Clearly, there are many ways that this law can be used to acquire syringes. Maybe you have a sick chicken. I will outline the procedure here for using insulin.

Using Insulin to Get Syringes

Syringe. You need to get in touch with someone who is taking insulin so that you can get the top off of the box that the insulin ampule comes in. The box top will most likely have a large "N" or "R" written on it. "N" stands for NPH insulin and is a long-acting variety. "R" stands for regular insulin, the kind people inject a couple times a day. There are other kinds of insulin, however. If the box top has something else on it, make sure you find out what it means. Paste this box top to the back of your ID.

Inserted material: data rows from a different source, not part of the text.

(* Let $n\ge1$ have canonical prime factorization $n=p_1^{\alpha_1}p_2^{\alpha_2}\cdots p_r^{\alpha_r}$, and let $d_1,\dots,d_{\tau(n)}$ be the positive divisors of $n$ (listed in any order). Then $$\det\Big[c_{d_i}\Big(\frac{n}{d_j}\Big)\Big]_{i,j=1}^{\tau(n)} = n^{\tau(n)/2}\,(-1)^{\sum_{i=1}^r \lfloor\frac{\alpha_i+1}{2}\rfloor\frac{\tau(n)}{\alpha_i+1}}.$$
   Context: For integers $m\ge1$ and $x$, the Ramanujan sum is $c_m(x)=\sum_{1\le j\le m,\ (j,m)=1} e^{2\pi i jx/m}$. $\tau(n)$ denotes the number of positive divisors of $n$. *)

theory Defs
  imports Complex_Main "HOL-Computational_Algebra.Primes" "Jordan_Normal_Form.Determinant"
begin

definition ramanujan_sum :: "nat \<Rightarrow> int \<Rightarrow> complex" where
  "ramanujan_sum m x =
     (\<Sum>j\<in>{j\<in>{1..m}. coprime j m}. exp (2 * of_real pi * \<i> * of_nat j * of_int x / of_nat m))"

definition num_divisors :: "nat \<Rightarrow> nat" where
  "num_divisors n = card {d. d dvd n}"

end

theory Submission
  imports Defs
begin

(*
  Let Z = [d_j | d_i] be the divisibility matrix of the divisors. Since the Ramanujan sums
  satisfy sum_(e | d) c_e(x) = d [d | x], the product of Z with the Ramanujan matrix is
  G = [d_i [d_i d_j | n]]. Weighting each index by its divisor, Z is unitriangular, so
  det Z = 1, and the only permutation with a nonzero term in det G is the involution
  d |-> n/d. It has at most one fixed point, so its sign is (-1)^floor(tau(n)/2), and
  det G = (-1)^floor(tau(n)/2) prod_(d | n) d = (-1)^floor(tau(n)/2) n^(tau(n)/2).
  Finally tau(n) = prod_i (alpha_i + 1), and the parity of floor(tau(n)/2) is computed
  by induction over the prime factors.
*)

lemma div_dvd_self_nat: "(d::nat) dvd n \<Longrightarrow> n div d dvd n"
  by (metis dvd_mult_div_cancel dvd_triv_right)

lemma sum_exp_roots_of_unity:
  fixes k :: nat and x :: int
  assumes "k > 0"
  shows "(\<Sum>j\<in>{1..k}. exp (2 * of_real pi * \<i> * of_nat j * of_int x / of_nat k))
         = (if int k dvd x then of_nat k else 0)"
proof -
  define \<theta> where "\<theta> = 2 * pi * real_of_int x / real k"
  define z where "z = cis \<theta>"
  have exp_eq: "exp (2 * of_real pi * \<i> * of_nat j * of_int x / of_nat k) = z ^ j" for j
  proof -
    have "2 * of_real pi * \<i> * of_nat j * of_int x / of_nat k = \<i> * complex_of_real (real j * \<theta>)"
      unfolding \<theta>_def by (simp add: field_simps)
    then show ?thesis unfolding z_def DeMoivre by (simp add: cis_conv_exp)
  qed
  show ?thesis
  proof (cases "int k dvd x")
    case True
    then obtain q where "x = int k * q" by blast
    then have "\<theta> = 2 * pi * real_of_int q" unfolding \<theta>_def using assms by simp
    then have "z = 1" unfolding z_def by (simp add: cis.ctr complex_eq_iff)
    then show ?thesis using True by (simp add: exp_eq)
  next
    case False
    have "z \<noteq> 1"
    proof
      assume "z = 1"
      then have "cos \<theta> = 1" unfolding z_def by (simp add: complex_eq_iff)
      then obtain m :: int where "\<theta> = real_of_int m * 2 * pi" by (auto simp: cos_one_2pi_int)
      then have "real_of_int x = real_of_int (m * int k)" unfolding \<theta>_def using assms
        by (simp add: field_simps)
      then show False using False by (simp only: of_int_eq_iff) simp
    qed
    have "z ^ k = cis (2 * pi * real_of_int x)"
      unfolding z_def DeMoivre \<theta>_def using assms by simp
    also have "\<dots> = 1" by (simp add: cis.ctr complex_eq_iff)
    finally have "z ^ k = 1" .
    have "(\<Sum>j\<in>{1..k}. z ^ j) = z * (\<Sum>j<k. z ^ j)"
      by (simp add: sum.atLeast1_atMost_eq sum_distrib_left)
    also have "\<dots> = 0" using \<open>z \<noteq> 1\<close> \<open>z ^ k = 1\<close> by (simp add: geometric_sum)
    finally show ?thesis using False by (simp add: exp_eq)
  qed
qed

(* The j \<le> k with gcd j k = k/d are exactly the c * (k/d) with c \<le> d coprime to d. *)
lemma sum_exp_gcd_class_eq_ramanujan_sum:
  fixes k d :: nat and x :: int
  assumes "k > 0" and "d dvd k"
  shows "(\<Sum>j\<in>{j\<in>{1..k}. k div gcd j k = d}. exp (2 * of_real pi * \<i> * of_nat j * of_int x / of_nat k))
         = ramanujan_sum d x"
proof -
  obtain e where k: "k = d * e" using assms(2) by blast
  have "d > 0" "e > 0" using assms(1) k by auto
  have gcd_mult_e: "gcd (c * e) k = e * gcd c d" for c
    unfolding k by (metis gcd_mult_distrib_nat mult.commute)
  show ?thesis
    unfolding ramanujan_sum_def
  proof (rule sym, rule sum.reindex_bij_witness[where j = "\<lambda>j. j * e" and i = "\<lambda>j. j div e"])
    fix c assume c: "c \<in> {c\<in>{1..d}. coprime c d}"
    show "c * e div e = c" using \<open>e > 0\<close> by simp
    have "gcd (c * e) k = e" using c by (simp add: gcd_mult_e coprime_iff_gcd_eq_1)
    then show "c * e \<in> {j\<in>{1..k}. k div gcd j k = d}"
      using c \<open>e > 0\<close> \<open>k = d * e\<close> by simp
    have "2 * of_real pi * \<i> * of_nat (c * e) * of_int x / of_nat k
        = 2 * of_real pi * \<i> * of_nat c * of_int x / (of_nat d :: complex)"
      using \<open>e > 0\<close> unfolding k by (simp add: field_simps)
    then show "exp (2 * of_real pi * \<i> * of_nat (c * e) * of_int x / of_nat k)
        = exp (2 * of_real pi * \<i> * of_nat c * of_int x / of_nat d)" by simp
  next
    fix j assume j: "j \<in> {j\<in>{1..k}. k div gcd j k = d}"
    have "gcd j k * d = d * e"
      using j dvd_mult_div_cancel[OF gcd_dvd2[of j k]] unfolding k by simp
    then have "gcd j k = e" using \<open>d > 0\<close> by simp
    then obtain c where c: "j = c * e" by (metis dvd_def gcd_dvd1 mult.commute)
    show "j div e * e = j" using c \<open>e > 0\<close> by simp
    have "gcd c d = 1" using \<open>gcd j k = e\<close> \<open>e > 0\<close> by (simp add: c gcd_mult_e)
    moreover have "1 \<le> c" "c \<le> d" using j \<open>e > 0\<close> by (auto simp: c k)
    ultimately show "j div e \<in> {c\<in>{1..d}. coprime c d}"
      using c \<open>e > 0\<close> by (simp add: coprime_iff_gcd_eq_1)
  qed
qed
lemma dX_mult_V: "dX * V = dU * S + U * dS + U * S * dV\<^sup>T * V"
proof -
  have right_cancel: "A * V\<^sup>T * V = A" if "A \<in> carrier_mat m n" for A
  proof -
    have "A * V\<^sup>T * V = A * (V\<^sup>T * V)" using that V by (intro assoc_mult_mat) auto
    thus ?thesis using that V_orth by simp
  qed
  have A: "dU * S * V\<^sup>T \<in> carrier_mat m n" and B: "U * dS * V\<^sup>T \<in> carrier_mat m n"
    and C: "U * S * dV\<^sup>T \<in> carrier_mat m n"
    using U S V dU dS dV by auto
  have "dX * V = (dU * S * V\<^sup>T + U * dS * V\<^sup>T) * V + U * S * dV\<^sup>T * V"
    unfolding dX_eq by (rule add_mult_distrib_mat[OF add_carrier_mat[OF B] C V])
  also have "(dU * S * V\<^sup>T + U * dS * V\<^sup>T) * V = dU * S * V\<^sup>T * V + U * dS * V\<^sup>T * V"
    by (rule add_mult_distrib_mat[OF A B V])
  finally show ?thesis using right_cancel[of "dU * S"] right_cancel[of "U * dS"] U S dU dS by simp
qed

lemma residual_eq: "dX * V - U * dS - U * S * dV\<^sup>T * V = dU * S"
  using dX_mult_V U S V dU dS dV by (intro eq_matI) auto

lemma rotated_variation: "U\<^sup>T * dX * V = U\<^sup>T * dU * S + dS + S * (dV\<^sup>T * V)"
proof -
  have left_cancel: "U\<^sup>T * (U * A) = A" if "A \<in> carrier_mat m k" for A k
  proof -
    have "U\<^sup>T * (U * A) = (U\<^sup>T * U) * A" using that U by (intro assoc_mult_mat[symmetric]) auto
    thus ?thesis using that U_orth by simp
  qed
  have A: "dU * S \<in> carrier_mat m n" and B: "U * dS \<in> carrier_mat m n"
    and C: "U * S * dV\<^sup>T * V \<in> carrier_mat m n" and SV: "S * (dV\<^sup>T * V) \<in> carrier_mat m n"
    using U S V dU dS dV by auto
  have "U\<^sup>T * dX * V = U\<^sup>T * (dX * V)"
    using U dX V by (intro assoc_mult_mat) auto
  also have "\<dots> = U\<^sup>T * (dU * S + U * dS) + U\<^sup>T * (U * S * dV\<^sup>T * V)"
    unfolding dX_mult_V using U A B C by (intro mult_add_distrib_mat[of _ m m]) auto
  also have "U\<^sup>T * (dU * S + U * dS) = U\<^sup>T * (dU * S) + U\<^sup>T * (U * dS)"
    using U A B by (intro mult_add_distrib_mat[of _ m m]) auto
  also have "U\<^sup>T * (dU * S) = U\<^sup>T * dU * S" using U dU S by (intro assoc_mult_mat[symmetric]) auto
  also have "U\<^sup>T * (U * dS) = dS" using left_cancel dS .
  also have "U * S * dV\<^sup>T * V = U * (S * (dV\<^sup>T * V))"
    using U S dV V by (simp add: assoc_mult_mat[of U m m "S * dV\<^sup>T" n V n])
  also have "U\<^sup>T * (U * (S * (dV\<^sup>T * V))) = S * (dV\<^sup>T * V)" using left_cancel SV .
  finally show ?thesis .
qed

lemma rotated_variation_entry:
  assumes "i < m" "j < n"
  shows "(U\<^sup>T * dX * V) $$ (i,j)
    = (U\<^sup>T * dU) $$ (i,j) * S $$ (j,j) + dS $$ (i,j) - (if i < n then S $$ (i,i) * (V\<^sup>T * dV) $$ (i,j) else 0)"
proof -
  have dVV: "dV\<^sup>T * V \<in> carrier_mat n n" using dV V by auto
  have "(dV\<^sup>T * V) $$ (i,j) = - (V\<^sup>T * dV) $$ (i,j)" if "i < n"
    using that assms dV V Omega_V_skew[of i j] by (simp add: index_mult_mat_sum[of _ n n _ n] mult.commute
        del: index_mult_mat)
  moreover have "(U\<^sup>T * dU * S) $$ (i,j) = (U\<^sup>T * dU) $$ (i,j) * S $$ (j,j)"
    using assms U dU n_le_m by (intro index_mult_diagonal_right[OF S S_diag]) auto
  moreover have "(S * (dV\<^sup>T * V)) $$ (i,j) = (if i < n then S $$ (i,i) * (dV\<^sup>T * V) $$ (i,j) else 0)"
    using assms by (rule index_mult_diagonal_left[OF S S_diag dVV])
  ultimately show ?thesis using assms U S dU dS dVV unfolding rotated_variation by auto
qed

Go to a pharmacy and give them your ID, upside down--showing the box top. Tell them what you need. Say something like, "I need a bottle of insulin." And then add, as if you almost forgot, "Oh, and a box of syringes." Most likely they won't mess with you but they may ask any number of questions.

You may be asked how long you have been a diabetic. Diabetes can develop at any time in life, so any answer will do. The main thing is to not stumble on the question. Another important point is that you can't have just been diagnosed with it, because if you had, you would have a prescription--and you don't.

They may ask you how much you are using. Make sure it is more than 15 units because you don't want to get stuck with those half CC syringes. Say something along the lines of 35 units in the morning and 25 units at night.

What are your sugar levels? Normal sugar levels are between 80 and 100. Yours should be higher than this. Something between 140 and 150 will work nicely. Be exact if it is your nature. Normally, you test your sugar level with a "poke test".

What size syringes? My preference is for 27 gauge syringes but you can't ask for these because they are too associated with IV injection. Remember that you do not IV insulin. IM injections are usually done with larger syringes. You can be non-comital on this point or just ask for 28 gauge which is small but still quite common.

If the pharmacist asks you for a prescription, tell him that you don't have one. Have a story ready. A good one is that you are new in town and you don't have a doctor yet. You might also be too poor to pay a doctor to prescribe what you already know you need.

You will most likely be asked for a signature and an address. Make an illegible signature and put down a false address. They will most likely not check and if they do, just tell them that you moved. This might be part of your story anyway.


States that do not control hypodermic syringes have HIV infection rates among IV drug users that are two to three times lower than states that do. In addition, making syringes widely available has no effect on drug use itself. It is extremely short-sighted of policy makers to control these bits of plastic and metal. But until they wake up to this fact, IV drug users will be forced to circumvent the law. It is a matter of life and death.